Потом приезжий осматривает город, наносит визиты всем местным сановникам, вечером отправляется на бал к губернатору, играет там в вист, проявляет себя человеком любезнейшим и обходительным, получает приглашения еще и на другие вечера, где ему также удается “показать в себе опытного светского человека”, всегда умеющего поддержать разговор, так что все очень скоро почитают за честь заполучить его к себе в гости.

И тут Гоголь изобретает то, что называется “клиффхэнгер” – прием, когда конец главы оставляет читателя в ожидании (часто встречается в телесериалах, например, в последние секунды серии герой лежит в гробу, все думают, что он мертв, а он вдруг подмигивает, или же – вариант более мягкий, но не менее захватывающий – он думает, что жена надолго уехала, а она внезапно возвращается и застает его в постели с любовницей – что дальше? Продолжение в следующей серии).

Так вот, первая глава “Мертвых душ” кончается клиффхэнгером, не слишком тонким, но действенным: “Такое мнение, весьма лестное для гостя… держалось до тех пор, покамест одно странное свойство гостя и предприятие… о котором читатель скоро узнает, не привело в совершенное недоумение почти всего города”. Мог бы и я вслед за автором “Мертвых душ” прибегнуть к клиффхэнгеру и сказать, что о Гоголе заговорил не случайно, что это не просто одно из бесчисленных отступлений, а намек на то, что история Пекельного разыгрывается на страницах не только Гари, но и Гоголя (а может быть, и нет, может быть, Гоголь тут ни при чем и читатель, дойдя до конца, спросит, чего ради его приплели. Что ж, поживем – увидим).

43

Ромен растет в Ницце, заканчивает школу, продолжает писать, сначала в Эксе, а потом, в Париже, поступает там на юридический факультет – типичное решение для восемнадцатилетнего юнца, не знающего, чем он хочет заниматься в жизни.

Лично я всегда знал, чему именно хочу посвятить свою. Я встал на коньки в возрасте пяти лет, это было в Амьене, на неправдоподобно голубом льду “Колизея”[17], там, на окруженном красными трибунами стадионе, я провел все свое детство – каждый вечер, даже по субботам и воскресеньям, приходил туда выписывать ногами гаммы. И уяснил навсегда: каток для меня – вся жизнь, ничего больше мне не надо.

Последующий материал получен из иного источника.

lemma cent_idempotent_trivial:
  assumes ind: "indecomposable_form d \<Theta>"
    and E_cent: "E \<in> cent \<Theta>" and F_cent: "mat 1 - E \<in> cent \<Theta>" and idem: "E ** E = E"
  shows "E = 0 \<or> E = mat 1"
proof (rule ccontr)
  assume nontrivial: "\<not> (E = 0 \<or> E = mat 1)"
  define F where "F = mat 1 - E"
  have "F ** F = F" "E ** F = 0" "F ** E = 0"
    using idem by (simp_all add: F_def matrix_diff_ldistrib matrix_diff_rdistrib)
  then have EE: "E *v (E *v a) = E *v a" and FF: "F *v (F *v a) = F *v a"
    and EF: "E *v (F *v a) = 0" and FE: "F *v (E *v a) = 0" for a
    using idem by (simp_all add: matrix_vector_mul_assoc)
  have sum: "E *v a + F *v a = a" for a
    by (simp add: F_def matrix_vector_mult_diff_rdistrib)
  have "decomposable_form d \<Theta>"
    unfolding decomposable_form_def
  proof (intro exI conjI allI impI)
    show "is_subspace (range ((*v) E))" "is_subspace (range ((*v) F))"
      by (rule is_subspace_range_matrix)+
    show "range ((*v) E) \<noteq> {0}" "range ((*v) F) \<noteq> {0}"
      using nontrivial by (auto simp: range_matrix_eq_zero_iff F_def)
    show "range ((*v) E) \<inter> range ((*v) F) = {0}"
    proof safe
      fix a b assume "E *v a = F *v b"
      then show "E *v a = 0" by (metis EE EF)
    qed (rule range_eqI[of _ _ 0], simp)+
    show "\<exists>a\<in>range ((*v) E). \<exists>b\<in>range ((*v) F). x = a + b" for x
      using sum[of x] by (metis rangeI)
  next
    fix v w :: "nat \<Rightarrow> 'k^'n"
    assume vw: "\<forall>i<d. v i \<in> range ((*v) E) \<and> w i \<in> range ((*v) F)"
    have "E *v (v i + w i) = v i" "F *v (v i + w i) = w i" if "i < d" for i
      using vw that by (auto simp: matrix_vector_right_distrib EE FF EF FE)
    then have "\<Theta> (\<lambda>j. E *v (v j + w j)) = \<Theta> v" "\<Theta> (\<lambda>j. F *v (v j + w j)) = \<Theta> w"
      by (auto intro: form_cong)
    then show "\<Theta> (\<lambda>i. v i + w i) = \<Theta> v + \<Theta> w"
      using form_split_cent_idempotent[OF E_cent F_cent idem, of "\<lambda>i. v i + w i"] by (simp add: F_def)
  qed
  with ind show False by (simp add: indecomposable_form_def)
qed

lemma orth_cent_matpow_eq_id:
  assumes reg: "regular_form d \<Theta>" and orth: "\<sigma> \<in> orth_group \<Theta>" and "\<sigma> \<in> cent \<Theta>"
  shows "matpow \<sigma> d = mat 1"
proof -
  have "\<Theta> (u(0 := matpow \<sigma> d *v x - x)) = 0" for u x
  proof -
    have "\<Theta> (u(0 := matpow \<sigma> d *v x)) = \<Theta> (\<lambda>j. \<sigma> *v (u(0 := x)) j)"
      using form_cent_all_slots[OF \<open>\<sigma> \<in> cent \<Theta>\<close>, of "u(0 := x)"] by simp
    also have "\<dots> = \<Theta> (u(0 := x))"
      using orth unfolding orth_group_def by blast
    finally show ?thesis using two_le_d by (simp add: form_diff_slot)
  qed
  then have "matpow \<sigma> d *v x = x" for x
    using reg unfolding regular_form_def by (metis eq_iff_diff_eq_0)
  then show ?thesis by (simp add: matrix_eq)
qed

lemma roots_of_unity_in_orth_group: "roots_of_unity_id d \<subseteq> orth_group \<Theta>"
proof
  fix \<sigma> :: "'k^'n^'n" assume "\<sigma> \<in> roots_of_unity_id d"
  then obtain \<zeta> where \<sigma>: "\<sigma> = mat \<zeta>" and "\<zeta> ^ d = 1" unfolding roots_of_unity_id_def by blast
  then have "\<zeta> \<noteq> 0" using two_le_d by (metis power_0_left not_numeral_le_zero zero_neq_one)
  then have "invertible \<sigma>"
    unfolding invertible_def \<sigma> by (intro exI[of _ "mat (inverse \<zeta>)"]) (simp add: mat_mult_mat)
  moreover have "\<Theta> (\<lambda>i. \<sigma> *v u i) = \<Theta> u" for u
    using form_cent_all_slots[OF mat_in_cent, of \<zeta> u] by (simp add: \<sigma> matpow_mat \<open>\<zeta> ^ d = 1\<close>)
  ultimately show "\<sigma> \<in> orth_group \<Theta>" by (simp add: orth_group_def)
qed

end

theorem theorem4p2:
  fixes \<Theta> :: "(nat \<Rightarrow> 'k::field_char_0 ^'n) \<Rightarrow> 'k" and d :: nat
  assumes "alg_closed_field TYPE('k)"
    and "d \<ge> 3"
    and "d_linear_form d \<Theta>" and "symmetric_form d \<Theta>"
    and "regular_form d \<Theta>" and "indecomposable_form d \<Theta>"
    and "has_maximal_center \<Theta>"
  shows "(\<forall>\<sigma>\<in>orth_group \<Theta>. chi \<sigma> \<in> alg_auts (cent \<Theta>))
    \<and> {\<sigma> \<in> orth_group \<Theta>. \<forall>f\<in>cent \<Theta>. chi \<sigma> f = f} = roots_of_unity_id d"
proof -
  interpret sym_dlinear_form \<Theta> d using assms(2-4) by unfold_locales auto
  have max: "maximal_comm_subalgebra (cent \<Theta>)" using assms(7) by (simp add: has_maximal_center_def)
  then have S: "comm_subalgebra (cent \<Theta>)" by (simp add: maximal_comm_subalgebra_def)
  have idem: "E = 0 \<or> E = mat 1" if "E \<in> cent \<Theta>" "E ** E = E" for E
    using cent_idempotent_trivial[OF assms(6) that(1) _ that(2)]
      comm_subalgebra_diff[OF S mat_in_cent that(1)] by blast
  have kernel: "\<sigma> \<in> roots_of_unity_id d" if "\<sigma> \<in> orth_group \<Theta>" "\<forall>f\<in>cent \<Theta>. chi \<sigma> f = f" for \<sigma>
  proof -
    have "\<sigma> \<in> cent \<Theta>"
      using maximal_comm_subalgebra_commutant[OF max] chi_fixes_iff_commute that
      unfolding orth_group_def by auto
    moreover have "matpow \<sigma> d = mat 1"
      using orth_cent_matpow_eq_id[OF assms(5) that(1) calculation] .
    ultimately show ?thesis
      using scalar_if_matpow_eq_id[OF assms(1) S _ idem] assms(2) unfolding roots_of_unity_id_def by auto
  qed
  have "chi \<sigma> f = f" if "\<sigma> \<in> roots_of_unity_id d" for \<sigma> f :: "'k^'n^'n"
    using that roots_of_unity_in_orth_group chi_mat
    unfolding roots_of_unity_id_def orth_group_def by fastforce
  then show ?thesis
    using chi_in_alg_auts kernel roots_of_unity_in_orth_group by blast
qed

end
lemma loop_mu_loop_concat_le:
  fixes \<alpha>1 \<alpha>2 \<beta>1 \<beta>2 :: "real^'n::finite \<Rightarrow> 'a::metric_space"
  assumes "continuous_on ncube \<alpha>1" "continuous_on ncube \<beta>1"
    and "continuous_on ncube \<alpha>2" "continuous_on ncube \<beta>2"
  shows "loop_mu (loop_concat \<alpha>1 \<alpha>2) (loop_concat \<beta>1 \<beta>2) \<le> max (loop_mu \<alpha>1 \<beta>1) (loop_mu \<alpha>2 \<beta>2)"
proof (rule loop_mu_le)
  fix x :: "real^'n" assume x: "x \<in> ncube"
  show "dist (loop_concat \<alpha>1 \<alpha>2 x) (loop_concat \<beta>1 \<beta>2 x) \<le> max (loop_mu \<alpha>1 \<beta>1) (loop_mu \<alpha>2 \<beta>2)"
    using dist_le_loop_mu[OF assms(1,2) first_half_in_ncube[OF x]]
      dist_le_loop_mu[OF assms(3,4) second_half_in_ncube[OF x]]
    by (auto simp: loop_concat_eq)
qed

lemma loop_mu_loop_rev_le:
  fixes \<alpha> \<beta> :: "real^'n::finite \<Rightarrow> 'a::metric_space"
  assumes "continuous_on ncube \<alpha>" "continuous_on ncube \<beta>"
  shows "loop_mu (loop_rev \<alpha>) (loop_rev \<beta>) \<le> loop_mu \<alpha> \<beta>"
  using dist_le_loop_mu[OF assms reflect_in_ncube] by (auto intro: loop_mu_le simp: loop_rev_def)

definition near_one :: "'a::metric_space set \<Rightarrow> 'a \<Rightarrow> real \<Rightarrow> (real^'n::finite \<Rightarrow> 'a) set \<Rightarrow> bool" where
  "near_one X p c a \<longleftrightarrow> a \<in> carrier (pi_n X p) \<and> (\<exists>\<alpha>\<in>a. \<exists>\<beta>\<in>\<one>\<^bsub>pi_n X p\<^esub>. loop_mu \<alpha> \<beta> \<le> c)"

lemma loop_rho_le_of_near_one:
  assumes "near_one X p c a"
  shows "loop_rho a \<one>\<^bsub>pi_n X p\<^esub> \<le> c"
proof -
  from assms obtain f \<alpha> \<beta> where "a = loop_class X p f" "\<alpha> \<in> a" "\<beta> \<in> loop_class X p (\<lambda>x. p)"
    and c: "loop_mu \<alpha> \<beta> \<le> c"
    unfolding near_one_def pi_n_one mem_carrier_pi_n by blast
  then have "loop_rho a \<one>\<^bsub>pi_n X p\<^esub> \<le> loop_mu \<alpha> \<beta>"
    unfolding pi_n_one by (intro loop_rho_le_loop_mu[where X=X and p=p]) (auto dest: nloop_of_mem_loop_class)
  with c show ?thesis by linarith
qed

Естественно поэтому, что, получив аттестат, я твердо объявил свое решение – стать профессиональным хоккеистом и ни на что другое не размениваться. Отец, сам хоккеист, а позже тренер по хоккею, пришел в восторг, мать же чуть не упала в обморок. Не может быть и речи! Не для того она растила сына, чтоб он гонял по льду резиновую блямбу деревянной палкой, пусть и с загнутым по науке концом. Профессиональный хоккеист? А почему бы не огнеглотатель на паперти собора? Хочешь играть в хоккей? Пожалуйста, но при одном условии: пойдешь учиться.

Я согласился – ведь в то время я был еще мальчишкой, покладистым, послушным родительской воле, а главное, не имел собственных средств к существованию. Но чему и как долго учиться? Чему угодно, великодушно отвечала мама, лишь бы в конце концов ты защитил диссертацию (это был ее пунктик). Что ж, я решил для вида записаться в университет, но ходить туда, разумеется, не собирался.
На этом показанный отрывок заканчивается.